definition vidx :: "hgraph \<Rightarrow> (nat \<times> nat \<Rightarrow> nat) \<Rightarrow> nat \<Rightarrow> nat list" where
  "vidx G \<sigma> v = concat (map (\<lambda>e. map (\<lambda>p. \<sigma> (e, p))
        (filter (\<lambda>p. snd (hedges G ! e) ! p = v) [0..<length (snd (hedges G ! e))]))
      [0..<length (hedges G)])"

definition finv :: "nat \<Rightarrow> hgraph \<Rightarrow> (nat \<Rightarrow> nat \<Rightarrow> nat list \<Rightarrow> complex) \<Rightarrow> complex" where
  "finv n G t = (\<Sum>\<sigma> \<in> PiE (conns G) (\<lambda>_. {..<n}).
      (\<Prod>v < nverts G. levi n (vidx G \<sigma> v)) *
      (\<Prod>e < length (hedges G). comp t (fst (hedges G ! e))
           (map (\<lambda>p. \<sigma> (e, p)) [0..<length (snd (hedges G ! e))])))"

text \<open>Graphsums: finitely supported complex linear combinations of hypergraphs.\<close>
type_synonym gsum = "hgraph \<Rightarrow> complex"

definition supp :: "gsum \<Rightarrow> hgraph set" where "supp c = {G. c G \<noteq> 0}"

definition is_gsum :: "nat \<Rightarrow> (nat \<Rightarrow> nat) \<Rightarrow> gsum \<Rightarrow> bool" where
  "is_gsum n nc c \<longleftrightarrow> finite (supp c) \<and> (\<forall>G \<in> supp c. valid_hg n nc G)"

definition fsum :: "nat \<Rightarrow> gsum \<Rightarrow> (nat \<Rightarrow> nat \<Rightarrow> nat list \<Rightarrow> complex) \<Rightarrow> complex" where
  "fsum n c t = (\<Sum>G \<in> supp c. c G * finv n G t)"

definition single :: "hgraph \<Rightarrow> gsum" where
  "single G = (\<lambda>H. if H = G then 1 else 0)"

definition disconnected :: "hgraph \<Rightarrow> bool" where
  "disconnected G \<longleftrightarrow> (\<exists>A. A \<subseteq> {..<nverts G} \<and> A \<noteq> {} \<and> A \<noteq> {..<nverts G} \<and>
      (\<forall>e \<in> set (hedges G). set (snd e) \<subseteq> A \<or> set (snd e) \<inter> A = {}))"

definition reducible :: "nat \<Rightarrow> (nat \<Rightarrow> nat) \<Rightarrow> gsum \<Rightarrow> bool" where
  "reducible n nc c \<longleftrightarrow> is_gsum n nc c \<and>
     (fsum n c = (\<lambda>t. 0) \<or>
      (\<exists>c'. is_gsum n nc c' \<and> (\<forall>G \<in> supp c'. disconnected G) \<and> fsum n c = fsum n c'))"

definition irreducible :: "nat \<Rightarrow> (nat \<Rightarrow> nat) \<Rightarrow> gsum \<Rightarrow> bool" where
  "irreducible n nc c \<longleftrightarrow> is_gsum n nc c \<and> \<not> reducible n nc c"

definition red_equiv :: "nat \<Rightarrow> (nat \<Rightarrow> nat) \<Rightarrow> gsum \<Rightarrow> gsum \<Rightarrow> bool" where
  "red_equiv n nc c1 c2 \<longleftrightarrow> reducible n nc (\<lambda>G. c1 G - c2 G)"

definition red_indep :: "nat \<Rightarrow> (nat \<Rightarrow> nat) \<Rightarrow> hgraph set \<Rightarrow> bool" where
  "red_indep n nc S \<longleftrightarrow> (\<forall>a. finite (supp a) \<and> supp a \<subseteq> S \<and> reducible n nc a \<longrightarrow> a = (\<lambda>G. 0))"

definition vdeg :: "nat \<Rightarrow> hgraph \<Rightarrow> nat \<Rightarrow> nat" where
  "vdeg n G v = n - (\<Sum>e\<leftarrow>hedges G. if set (snd e) = {v} then length (snd e) else 0)"

definition dtype :: "nat \<Rightarrow> hgraph \<Rightarrow> nat list" where
  "dtype n G = rev (sort (map (vdeg n G) [0..<nverts G]))"

definition dless :: "nat \<Rightarrow> hgraph \<Rightarrow> hgraph \<Rightarrow> bool" where
  "dless n G G' \<longleftrightarrow> (let d = dtype n G; d' = dtype n G' in
     length d = length d' \<and> length d \<ge> 1 \<and>
     (\<forall>i < length d - 1. d ! i \<le> d' ! i) \<and> last d < last d')"

definition deg_reducible :: "nat \<Rightarrow> (nat \<Rightarrow> nat) \<Rightarrow> gsum \<Rightarrow> bool" where
  "deg_reducible n nc c \<longleftrightarrow> is_gsum n nc c \<and>
     (red_equiv n nc c (\<lambda>G. 0) \<or>
      (\<exists>c'. is_gsum n nc c' \<and> red_equiv n nc c c' \<and>
         (\<forall>G \<in> supp c. \<forall>G' \<in> supp c'. dless n G' G)))"

definition deg_irreducible :: "nat \<Rightarrow> (nat \<Rightarrow> nat) \<Rightarrow> gsum \<Rightarrow> bool" where
  "deg_irreducible n nc c \<longleftrightarrow> is_gsum n nc c \<and> \<not> deg_reducible n nc c"

definition deg_red_indep :: "nat \<Rightarrow> (nat \<Rightarrow> nat) \<Rightarrow> hgraph set \<Rightarrow> bool" where
  "deg_red_indep n nc S \<longleftrightarrow> (\<forall>a. finite (supp a) \<and> supp a \<subseteq> S \<and> deg_reducible n nc a \<longrightarrow> a = (\<lambda>G. 0))"

definition maximal_set :: "('a set \<Rightarrow> bool) \<Rightarrow> 'a set \<Rightarrow> bool" where
  "maximal_set P M \<longleftrightarrow> P M \<and> (\<forall>S. P S \<and> M \<subseteq> S \<longrightarrow> S = M)"

definition DIRI :: "nat \<Rightarrow> (nat \<Rightarrow> nat) \<Rightarrow> hgraph set \<Rightarrow> bool" where
  "DIRI n nc S \<longleftrightarrow> (\<forall>G \<in> S. valid_hg n nc G \<and> deg_irreducible n nc (single G)) \<and> deg_red_indep n nc S"

definition IRI :: "nat \<Rightarrow> (nat \<Rightarrow> nat) \<Rightarrow> hgraph set \<Rightarrow> bool" where
  "IRI n nc S \<longleftrightarrow> (\<forall>G \<in> S. valid_hg n nc G \<and> irreducible n nc (single G)) \<and> red_indep n nc S"

end

theory Submission
  imports Defs
begin

text \<open>Reducible graphsums form a linear subspace and every reducible graphsum is
degree-reducible, so degree-irreducibility and degree-reducible independence imply their
plain counterparts. For maximality, one shows by induction on the smallest virtual degree
that every hypergraph G is \<open>\<simeq>\<^sub>r\<close> to a graphsum supported on M: if G is not in M, maximality
of M yields a degree-reducible relation with a nonzero coefficient at G, which expresses G
modulo reducible graphsums through M and hypergraphs of smaller degree type. A hypergraph
outside M in a reducibly independent superset of M would then give a nontrivial reducible
relation.\<close>

lemma supp_single: "supp (single G) = {G}"
  by (auto simp: supp_def single_def)

lemma supp_add_subset: "supp (\<lambda>G. x G + y G) \<subseteq> supp x \<union> supp y"
  by (auto simp: supp_def)

lemma supp_scale_subset: "supp (\<lambda>G. k * x G) \<subseteq> supp x"
  by (auto simp: supp_def)

lemma gsum_expansion:
  assumes "finite (supp c)"
  shows "(\<lambda>H. \<Sum>G\<in>supp c. c G * single G H) = c"
proof
  fix H
  have "(\<Sum>G\<in>supp c. c G * single G H) = (\<Sum>G\<in>supp c. if H = G then c G else 0)"
    by (rule sum.cong) (auto simp: single_def)
  also have "\<dots> = c H"
    using assms by (simp add: sum.delta supp_def)
  finally show "(\<Sum>G\<in>supp c. c G * single G H) = c H" .
qed

lemma is_gsum_zero: "is_gsum n nc (\<lambda>G. 0)"
  by (simp add: is_gsum_def supp_def)

lemma is_gsum_add:
  "is_gsum n nc x \<Longrightarrow> is_gsum n nc y \<Longrightarrow> is_gsum n nc (\<lambda>G. x G + y G)"
  using supp_add_subset[of x y] unfolding is_gsum_def
  by (meson Un_iff finite_UnI finite_subset subsetD)

lemma is_gsum_scale: "is_gsum n nc x \<Longrightarrow> is_gsum n nc (\<lambda>G. k * x G)"
  using supp_scale_subset[of k x] unfolding is_gsum_def by (meson finite_subset subsetD)

lemma fsum_eq_sum_superset:
  assumes "finite A" "supp c \<subseteq> A"
  shows "fsum n c t = (\<Sum>G\<in>A. c G * finv n G t)"
  unfolding fsum_def
  by (rule sum.mono_neutral_left) (use assms in \<open>auto simp: supp_def\<close>)

lemma fsum_zero: "fsum n (\<lambda>G. 0) t = 0"
  by (simp add: fsum_def supp_def)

*Aim of the task*. Tally the lines in the listing that hold "vidx" and report the number alone.

*Reply*. 3